Module 6 Flashcards
What are the three requirements for a perfectly competitive market?
- many buyers and sellers
- all firms sell identical products
- no barriers to entry / exit
What is the relationship of buyers and sellers to price in a perfectly competitive market?
- individual firms and consumers are price takers
What are the four main market structures?
Perfect competition
Monopolistic competition
Oligopoly
Monopoly
What are the 3 main characteristics of monopolistic competition?
- Many buyers and sellers
- differentiated product
- no barriers to entry and exit
What are the 3 main characteristics of oligopoly?
- few firms
- either identical or differentiated product
- barriers to entry
What are the 3 main characteristics of monopoly?
- one firm
- unique product
- entry to market is blocked
What’s the formula for MR?
MR = change in TR / change in Q
Where is profit maximized?
(3 points)
- the distance between TC & TR is greatest
- slope of TR = slope of TC
- where MR = MC (& = P for perfect competition)
What does MR = in a perfectly competitive market?
In a perfectly competitive market, MR = P = AR
What is residual demand?
The part of the market demand left over for a firm after the supply of all it’s competitors has been taken into account.
What are the two formulas for profit?
Profit = (P * Q) - TC
Profit = (P - ATC) * Q
* remember that firms maximize total profit, not profit per unit.
When does a firm incurr a loss?
P < ATC = Loss
When does it make sense to keep operating at a loss?
TR > TVC@ profit maximizing Q
P >/= AVC @ profit maximizing Q
Where does the MC curve = firm’s supply curve?
As long as P > / = AVC, MC curve = supply curve
Where do we find the shutdown point for a firm?
Where MC = AVC = AVC @ it’s lowest
What is the size of a loss graphically?
Rectangle between Q where MC= MR, and up to ATC at that Q.
How do we find a firm’s supply curve?
- Build an Excel table with all calculations linked
○ Make sure there’s a column for price - Input the various prices and find the places where MR (>)= MC for each given market price.
○ If you’re not given market prices, just pick some.
Basically MC curve = supply curve above P>/= AVC
What does economic profit do in a perfectly competitive market?
- Attracts more firms
- Which pushes the supply curve to the right
- Which lowers the market price down to where the average firm’s ATC = MC
If P > ATC for the average firm, what happens to the number of firms in a perfectly competitive market?
More firms enter the market until P = ATC
If P < ATC, what happens to the number of firms in the market?
Firms will leave the market until P is pushed back up to P = ATC for the average firm.

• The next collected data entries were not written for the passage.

lemma square_integrable_bounded_linear:
  fixes f :: "'w \<Rightarrow> 'a::euclidean_space" and h :: "'a \<Rightarrow> 'b::euclidean_space"
  assumes "bounded_linear h" "square_integrable M f"
  shows "square_integrable M (\<lambda>w. h (f w))"
proof -
  interpret h: bounded_linear h by fact
  obtain K where K: "\<And>x. norm (h x) \<le> norm x * K"
    using h.bounded by blast
  show ?thesis
  proof (rule square_integrable_if_le)
    show "(\<lambda>w. h (f w)) \<in> borel_measurable M"
      using assms by (simp add: square_integrable_def borel_measurable_continuous_on
          linear_continuous_on)
    show "integrable M (\<lambda>w. K\<^sup>2 * (norm (f w))\<^sup>2)"
      using assms by (simp add: square_integrable_def)
    show "(norm (h (f w)))\<^sup>2 \<le> K\<^sup>2 * (norm (f w))\<^sup>2" for w
      using power_mono[OF K[of "f w"] norm_ge_zero, of 2]
      by (simp add: power_mult_distrib mult.commute)
  qed
qed

lemma square_integrable_scaleR:
  fixes f :: "'w \<Rightarrow> 'a::euclidean_space"
  shows "square_integrable M f \<Longrightarrow> square_integrable M (\<lambda>w. c *\<^sub>R f w)"
  by (rule square_integrable_bounded_linear[OF bounded_linear_scaleR_right])

lemma square_integrable_inner_left:
  fixes f :: "'w \<Rightarrow> 'a::euclidean_space"
  shows "square_integrable M f \<Longrightarrow> square_integrable M (\<lambda>w. f w \<bullet> c)"
  by (rule square_integrable_bounded_linear[OF bounded_linear_inner_left])

lemma square_integrable_diff:
  fixes f g :: "'w \<Rightarrow> 'a::euclidean_space"
  shows "square_integrable M f \<Longrightarrow> square_integrable M g \<Longrightarrow> square_integrable M (\<lambda>w. f w - g w)"
  using square_integrable_add[of M f "\<lambda>w. (-1) *\<^sub>R g w"] square_integrable_scaleR[of M g "-1"]
  by simp

lemma square_integrable_sum:
  fixes f :: "'i \<Rightarrow> 'w \<Rightarrow> 'a::euclidean_space"
  assumes "finite_measure M" "\<And>i. i \<in> I \<Longrightarrow> square_integrable M (f i)"
  shows "square_integrable M (\<lambda>w. \<Sum>i\<in>I. f i w)"
  using assms(2)
  by (induction I rule: infinite_finite_induct)
    (simp_all add: square_integrable_const[OF assms(1)] square_integrable_add)
lemma card_cliques_containing_vertex:
  assumes "simple_graph n E" "k_regular n E k" "clique_regular n E w" "i < n"
  shows "card {C \<in> cliques n E w. i \<in> C} * (w - 1) = k"
proof -
  let ?S = "{C \<in> cliques n E w. i \<in> C}"
  have finite: "finite C" if "C \<in> ?S" for C
    using that by (auto intro: finite_subset dest: cliques_subset)
  have disjoint: "(C - {i}) \<inter> (C' - {i}) = {}" if "C \<in> ?S" "C' \<in> ?S" "C \<noteq> C'" for C C'
  proof (rule ccontr)
    assume "(C - {i}) \<inter> (C' - {i}) \<noteq> {}"
    then obtain j where "j \<in> C" "j \<in> C'" "j \<noteq> i" by blast
    moreover from this have "j < n" "E i j"
      using that(1) by (auto simp: cliques_def is_clique_def)
    ultimately have "C = C'"
      using that(1,2) assms(3,4) unfolding clique_regular_def cliques_def by blast
    then show False using that(3) by contradiction
  qed
  have "k = card {j. j < n \<and> E i j}"
    using assms(2,4) by (simp add: k_regular_def)
  also have "\<dots> = (\<Sum>C\<in>?S. card (C - {i}))"
    unfolding neighbourhood_eq_Union_cliques[OF assms(1,3,4)]
    by (rule card_UN_disjoint) (simp_all add: finite_cliques finite disjoint)
  also have "\<dots> = (\<Sum>C\<in>?S. w - 1)"
    using finite by (intro sum.cong) (auto simp: cliques_def)
  finally show ?thesis by simp
qed

lemma card_cliques_mult_eq:
  assumes "\<And>i. i < n \<Longrightarrow> card {C \<in> cliques n E w. i \<in> C} = d"
  shows "card (cliques n E w) * w = n * d"
proof -
  have "n * d = (\<Sum>i\<in>{0..<n}. card {C \<in> cliques n E w. i \<in> C})"
    using assms by simp
  also have "\<dots> = (\<Sum>C\<in>cliques n E w. card C)"
    by (rule sum_card_containing_eq_sum_card) (simp_all add: finite_cliques cliques_subset)
  also have "\<dots> = card (cliques n E w) * w"
    by (simp add: cliques_def)
  finally show ?thesis by simp
qed

definition incidence_mat :: "nat \<Rightarrow> nat set list \<Rightarrow> 'a :: comm_ring_1 mat" where
  "incidence_mat n Cs = mat (length Cs) n (\<lambda>(r, i). if i \<in> Cs ! r then 1 else 0)"

lemma incidence_mat_carrier [simp]: "incidence_mat n Cs \<in> carrier_mat (length Cs) n"
  by (simp add: incidence_mat_def)

lemma gram_incidence_mat:
  assumes "distinct Cs"
  shows "transpose_mat (incidence_mat n Cs) * incidence_mat n Cs
    = mat n n (\<lambda>(i, j). of_nat (card {C \<in> set Cs. i \<in> C \<and> j \<in> C}))" (is "?NN = ?G")
proof (rule eq_matI)
  fix i j assume "i < dim_row ?G" "j < dim_col ?G"
  then have "i < n" "j < n" by simp_all
  let ?f = "\<lambda>C. if i \<in> C \<and> j \<in> C then 1 else 0 :: 'a"
  have "?NN $$ (i, j) = (\<Sum>r = 0..<length Cs. ?f (Cs ! r))"
    using \<open>i < n\<close> \<open>j < n\<close> by (auto simp: incidence_mat_def scalar_prod_def intro!: sum.cong)
  also have "\<dots> = (\<Sum>C\<in>set Cs. ?f C)"
    using assms by (simp add: sum_list_sum_nth sum.distinct_set_conv_list)
  also have "\<dots> = of_nat (card {C \<in> set Cs. i \<in> C \<and> j \<in> C})"
    by (simp flip: sum.inter_filter)
  also have "\<dots> = ?G $$ (i, j)"
    using \<open>i < n\<close> \<open>j < n\<close> by simp
  finally show "?NN $$ (i, j) = ?G $$ (i, j)" .
qed (simp_all add: incidence_mat_def)

lemma conjugate_mult_mat_vec:
  fixes N :: "'a :: conjugatable_field mat"
  assumes N: "N \<in> carrier_mat m n" and v: "v \<in> carrier_vec n"
    and self_conjugate: "\<And>i j. i < m \<Longrightarrow> j < n \<Longrightarrow> conjugate (N $$ (i, j)) = N $$ (i, j)"
  shows "conjugate (N *\<^sub>v v) = N *\<^sub>v conjugate v"
proof (rule eq_vecI)
  fix i assume "i < dim_vec (N *\<^sub>v conjugate v)"
  then have i: "i < m" using N by simp
  have "conjugate (row N i) = row N i"
    using N i self_conjugate by (intro eq_vecI) auto
  then show "conjugate (N *\<^sub>v v) $ i = (N *\<^sub>v conjugate v) $ i"
    using N v i by (simp add: conjugate_sprod_vec[of _ n])
qed (use N in simp)

lemma gram_cscalar_prod:
  fixes N :: "'a :: conjugatable_field mat"
  assumes N: "N \<in> carrier_mat m n" and v: "v \<in> carrier_vec n"
    and self_conjugate: "\<And>i j. i < m \<Longrightarrow> j < n \<Longrightarrow> conjugate (N $$ (i, j)) = N $$ (i, j)"
  shows "(transpose_mat N * N *\<^sub>v v) \<bullet>c v = (N *\<^sub>v v) \<bullet>c (N *\<^sub>v v)"
proof -
  have "(transpose_mat N * N *\<^sub>v v) \<bullet>c v = (transpose_mat N *\<^sub>v (N *\<^sub>v v)) \<bullet> conjugate v"
    using N v by simp
  also have "\<dots> = (N *\<^sub>v v) \<bullet> (N *\<^sub>v conjugate v)"
    using N v by (intro transpose_vec_mult_scalar) auto
  also have "\<dots> = (N *\<^sub>v v) \<bullet>c (N *\<^sub>v v)"
    by (simp add: conjugate_mult_mat_vec[OF N v self_conjugate])
  finally show ?thesis .
qed

lemma mat_kernel_gram:
  fixes N :: "'a :: conjugatable_ordered_field mat"
  assumes N: "N \<in> carrier_mat m n"
    and self_conjugate: "\<And>i j. i < m \<Longrightarrow> j < n \<Longrightarrow> conjugate (N $$ (i, j)) = N $$ (i, j)"
  shows "mat_kernel (transpose_mat N * N) = mat_kernel N"
proof
  show "mat_kernel N \<subseteq> mat_kernel (transpose_mat N * N)"
    using N by (intro mat_kernel_mult_subset) auto
  show "mat_kernel (transpose_mat N * N) \<subseteq> mat_kernel N"
  proof
    fix v assume "v \<in> mat_kernel (transpose_mat N * N)"
    then have v: "v \<in> carrier_vec n" and "transpose_mat N * N *\<^sub>v v = 0\<^sub>v n"
      using N by (auto simp: mat_kernel_def)
    then have "(N *\<^sub>v v) \<bullet>c (N *\<^sub>v v) = 0"
      using gram_cscalar_prod[OF N v self_conjugate] by simp
    then have "N *\<^sub>v v = 0\<^sub>v m"
      using N v by (simp add: conjugate_square_eq_0_vec[of _ m])
    then show "v \<in> mat_kernel N"
      using N v by (intro mat_kernelI)
  qed
qed

lemma kernel_dim_gram:
  fixes N :: "'a :: conjugatable_ordered_field mat"
  assumes N: "N \<in> carrier_mat m n"
    and self_conjugate: "\<And>i j. i < m \<Longrightarrow> j < n \<Longrightarrow> conjugate (N $$ (i, j)) = N $$ (i, j)"
  shows "kernel_dim (transpose_mat N * N) = kernel_dim N"
  using N by (simp add: kernel_dim_def mat_kernel_gram[OF assms])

What does the LR supply curve look like in a constant cost industry?
Horizontal
What does the LR supply curve look like in an increasing cost industry?
upwards sloping
What does the LR supply curve look like in a decreasing cost industry?
Downwards sloping
What makes an increasing cost industry?
At least one of the inputs is limited such that as the demand for it increases, the cost of it also increases.
What makes a decreasing cost industry?
At least one of the inputs is experiencing economies of scale.
What is the LR economic profit in a perfectly competitive market?
LR economic profit = 0 in a perfectly competitive market
What does the demand curve for an individual firm look like in a perfectly competitive market?
Demand curve for an individual firm is horizontal in a perfectly competitive market.
What does the LR S curve look like in a perfectly competitive market?
LR S curve is horizontal at the price where MC = ATC (ATC is at it’s lowest) in a perfectly competitive market.
How much can a producer sell or a buyer buy in a perfectly competitive market before they affect the price?
Sellers and buyers can sell/ consume as much as they want without changing the price.
How do we calculate AVC?
AVC = (TC-FC)/Q
*Don’t do this as ATC - FC or else your AVC will be way too low… FC must come out of TC, not ATC.